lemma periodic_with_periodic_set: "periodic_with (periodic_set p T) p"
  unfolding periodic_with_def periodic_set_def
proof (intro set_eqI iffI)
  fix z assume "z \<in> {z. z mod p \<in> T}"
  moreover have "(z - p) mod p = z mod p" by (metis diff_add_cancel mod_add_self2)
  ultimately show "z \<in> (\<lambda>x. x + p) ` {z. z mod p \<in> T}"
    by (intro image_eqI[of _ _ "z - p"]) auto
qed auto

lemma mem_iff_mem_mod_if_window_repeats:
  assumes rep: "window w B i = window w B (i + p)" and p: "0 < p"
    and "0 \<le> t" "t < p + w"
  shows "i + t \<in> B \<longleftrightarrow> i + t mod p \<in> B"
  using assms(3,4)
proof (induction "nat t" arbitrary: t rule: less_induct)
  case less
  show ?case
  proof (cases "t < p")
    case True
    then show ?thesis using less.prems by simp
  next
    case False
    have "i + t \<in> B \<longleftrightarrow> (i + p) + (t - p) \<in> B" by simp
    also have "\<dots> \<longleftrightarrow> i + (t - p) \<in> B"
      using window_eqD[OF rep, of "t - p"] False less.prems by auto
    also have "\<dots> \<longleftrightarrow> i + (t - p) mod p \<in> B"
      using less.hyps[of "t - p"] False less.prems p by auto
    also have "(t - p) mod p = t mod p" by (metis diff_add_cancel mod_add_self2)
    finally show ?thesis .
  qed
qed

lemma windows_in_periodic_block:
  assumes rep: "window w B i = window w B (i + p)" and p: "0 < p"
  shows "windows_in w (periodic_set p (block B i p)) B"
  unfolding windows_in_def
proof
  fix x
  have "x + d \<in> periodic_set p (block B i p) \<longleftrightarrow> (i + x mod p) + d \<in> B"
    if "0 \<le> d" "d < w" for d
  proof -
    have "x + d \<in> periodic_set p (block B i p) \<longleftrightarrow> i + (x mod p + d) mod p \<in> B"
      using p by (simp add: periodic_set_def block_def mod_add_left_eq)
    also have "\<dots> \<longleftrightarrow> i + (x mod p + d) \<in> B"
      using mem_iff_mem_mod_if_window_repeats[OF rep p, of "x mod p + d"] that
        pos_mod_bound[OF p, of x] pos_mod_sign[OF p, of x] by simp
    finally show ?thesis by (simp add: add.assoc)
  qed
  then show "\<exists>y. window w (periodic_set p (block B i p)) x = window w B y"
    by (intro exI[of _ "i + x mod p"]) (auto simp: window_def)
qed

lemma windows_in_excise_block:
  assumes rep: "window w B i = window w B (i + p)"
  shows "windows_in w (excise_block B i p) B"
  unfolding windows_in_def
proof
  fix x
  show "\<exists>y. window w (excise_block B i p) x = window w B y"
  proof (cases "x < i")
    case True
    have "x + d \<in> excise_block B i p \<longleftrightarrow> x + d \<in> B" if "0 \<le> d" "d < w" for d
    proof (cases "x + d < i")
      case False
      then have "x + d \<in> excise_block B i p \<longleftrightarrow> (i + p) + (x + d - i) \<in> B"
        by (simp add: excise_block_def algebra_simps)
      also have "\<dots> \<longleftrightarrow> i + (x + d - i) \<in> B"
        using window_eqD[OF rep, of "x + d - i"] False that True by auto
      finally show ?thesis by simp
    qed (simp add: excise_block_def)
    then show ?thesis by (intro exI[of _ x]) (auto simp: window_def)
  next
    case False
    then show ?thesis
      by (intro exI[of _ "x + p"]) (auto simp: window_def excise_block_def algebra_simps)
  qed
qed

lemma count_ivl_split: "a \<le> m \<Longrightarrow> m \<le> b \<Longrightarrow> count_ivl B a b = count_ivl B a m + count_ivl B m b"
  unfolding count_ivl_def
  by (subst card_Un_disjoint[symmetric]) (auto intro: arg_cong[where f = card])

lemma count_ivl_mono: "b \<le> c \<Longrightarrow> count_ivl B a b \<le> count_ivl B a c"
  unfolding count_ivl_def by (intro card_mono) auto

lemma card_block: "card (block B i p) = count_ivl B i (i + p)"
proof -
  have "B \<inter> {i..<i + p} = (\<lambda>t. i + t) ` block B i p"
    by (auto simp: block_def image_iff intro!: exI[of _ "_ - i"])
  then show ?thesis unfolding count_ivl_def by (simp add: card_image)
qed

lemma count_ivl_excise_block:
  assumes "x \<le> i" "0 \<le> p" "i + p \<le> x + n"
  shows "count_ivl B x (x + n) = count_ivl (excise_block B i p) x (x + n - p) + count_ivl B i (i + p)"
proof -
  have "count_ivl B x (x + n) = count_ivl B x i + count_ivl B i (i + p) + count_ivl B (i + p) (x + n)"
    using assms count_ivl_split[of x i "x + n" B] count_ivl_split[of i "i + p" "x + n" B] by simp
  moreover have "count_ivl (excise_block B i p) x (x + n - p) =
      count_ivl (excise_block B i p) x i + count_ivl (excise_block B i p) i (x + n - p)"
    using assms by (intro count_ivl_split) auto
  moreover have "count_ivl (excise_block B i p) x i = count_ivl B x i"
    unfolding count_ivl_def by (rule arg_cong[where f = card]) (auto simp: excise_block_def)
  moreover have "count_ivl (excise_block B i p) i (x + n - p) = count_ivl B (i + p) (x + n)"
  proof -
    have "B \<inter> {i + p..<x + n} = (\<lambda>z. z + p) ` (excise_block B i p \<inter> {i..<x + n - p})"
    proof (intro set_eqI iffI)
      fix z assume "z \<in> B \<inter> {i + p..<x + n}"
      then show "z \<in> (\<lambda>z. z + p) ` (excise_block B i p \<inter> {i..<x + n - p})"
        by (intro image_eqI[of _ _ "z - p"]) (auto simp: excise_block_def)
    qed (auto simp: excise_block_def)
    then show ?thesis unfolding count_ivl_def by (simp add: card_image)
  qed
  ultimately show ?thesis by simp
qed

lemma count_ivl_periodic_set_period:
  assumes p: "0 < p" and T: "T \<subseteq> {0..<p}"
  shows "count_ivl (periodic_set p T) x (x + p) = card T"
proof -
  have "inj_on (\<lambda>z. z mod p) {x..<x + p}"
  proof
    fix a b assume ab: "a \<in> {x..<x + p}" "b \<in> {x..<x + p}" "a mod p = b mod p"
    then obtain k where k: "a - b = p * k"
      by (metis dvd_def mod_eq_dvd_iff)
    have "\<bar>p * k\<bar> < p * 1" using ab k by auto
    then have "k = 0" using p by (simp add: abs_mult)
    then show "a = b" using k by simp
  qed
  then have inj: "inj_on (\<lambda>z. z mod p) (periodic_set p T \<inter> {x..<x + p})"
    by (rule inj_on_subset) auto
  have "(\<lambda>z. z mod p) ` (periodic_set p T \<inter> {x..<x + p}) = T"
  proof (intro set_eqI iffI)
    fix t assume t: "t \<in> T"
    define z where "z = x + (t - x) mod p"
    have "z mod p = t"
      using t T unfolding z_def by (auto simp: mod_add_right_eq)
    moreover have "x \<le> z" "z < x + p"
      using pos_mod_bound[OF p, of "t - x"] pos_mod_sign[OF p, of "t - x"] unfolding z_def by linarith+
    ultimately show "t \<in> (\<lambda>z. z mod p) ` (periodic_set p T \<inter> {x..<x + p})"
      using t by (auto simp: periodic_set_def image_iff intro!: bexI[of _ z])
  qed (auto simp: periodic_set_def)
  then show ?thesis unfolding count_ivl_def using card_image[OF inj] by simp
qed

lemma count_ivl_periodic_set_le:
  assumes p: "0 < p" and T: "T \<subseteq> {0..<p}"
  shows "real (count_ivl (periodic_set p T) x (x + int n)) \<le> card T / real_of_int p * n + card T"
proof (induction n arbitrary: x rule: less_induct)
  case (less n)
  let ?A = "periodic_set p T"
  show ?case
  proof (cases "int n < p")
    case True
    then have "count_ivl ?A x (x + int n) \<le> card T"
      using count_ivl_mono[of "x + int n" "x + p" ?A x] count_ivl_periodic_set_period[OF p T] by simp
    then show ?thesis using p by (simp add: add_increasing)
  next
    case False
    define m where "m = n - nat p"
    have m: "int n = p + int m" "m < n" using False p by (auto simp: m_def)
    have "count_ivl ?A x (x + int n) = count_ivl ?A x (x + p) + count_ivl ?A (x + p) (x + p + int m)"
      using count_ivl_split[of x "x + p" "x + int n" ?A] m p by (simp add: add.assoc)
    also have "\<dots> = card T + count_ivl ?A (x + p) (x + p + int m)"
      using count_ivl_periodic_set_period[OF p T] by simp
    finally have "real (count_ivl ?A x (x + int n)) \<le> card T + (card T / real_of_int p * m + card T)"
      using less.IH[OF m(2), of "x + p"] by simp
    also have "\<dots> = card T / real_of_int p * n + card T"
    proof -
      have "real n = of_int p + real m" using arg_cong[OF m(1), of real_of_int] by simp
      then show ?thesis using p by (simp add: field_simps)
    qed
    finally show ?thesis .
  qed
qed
_ _ _ _ _ _ _
Return all lines from the entries that contain the string "unfolding".

  unfolding periodic_with_def periodic_set_def
  unfolding windows_in_def
  unfolding windows_in_def
  unfolding count_ivl_def
  unfolding count_ivl_def by (intro card_mono) auto
  then show ?thesis unfolding count_ivl_def by (simp add: card_image)
    unfolding count_ivl_def by (rule arg_cong[where f = card]) (auto simp: excise_block_def)
    then show ?thesis unfolding count_ivl_def by (simp add: card_image)
      using t T unfolding z_def by (auto simp: mod_add_right_eq)
      using pos_mod_bound[OF p, of "t - x"] pos_mod_sign[OF p, of "t - x"] unfolding z_def by linarith+
  then show ?thesis unfolding count_ivl_def using card_image[OF inj] by simp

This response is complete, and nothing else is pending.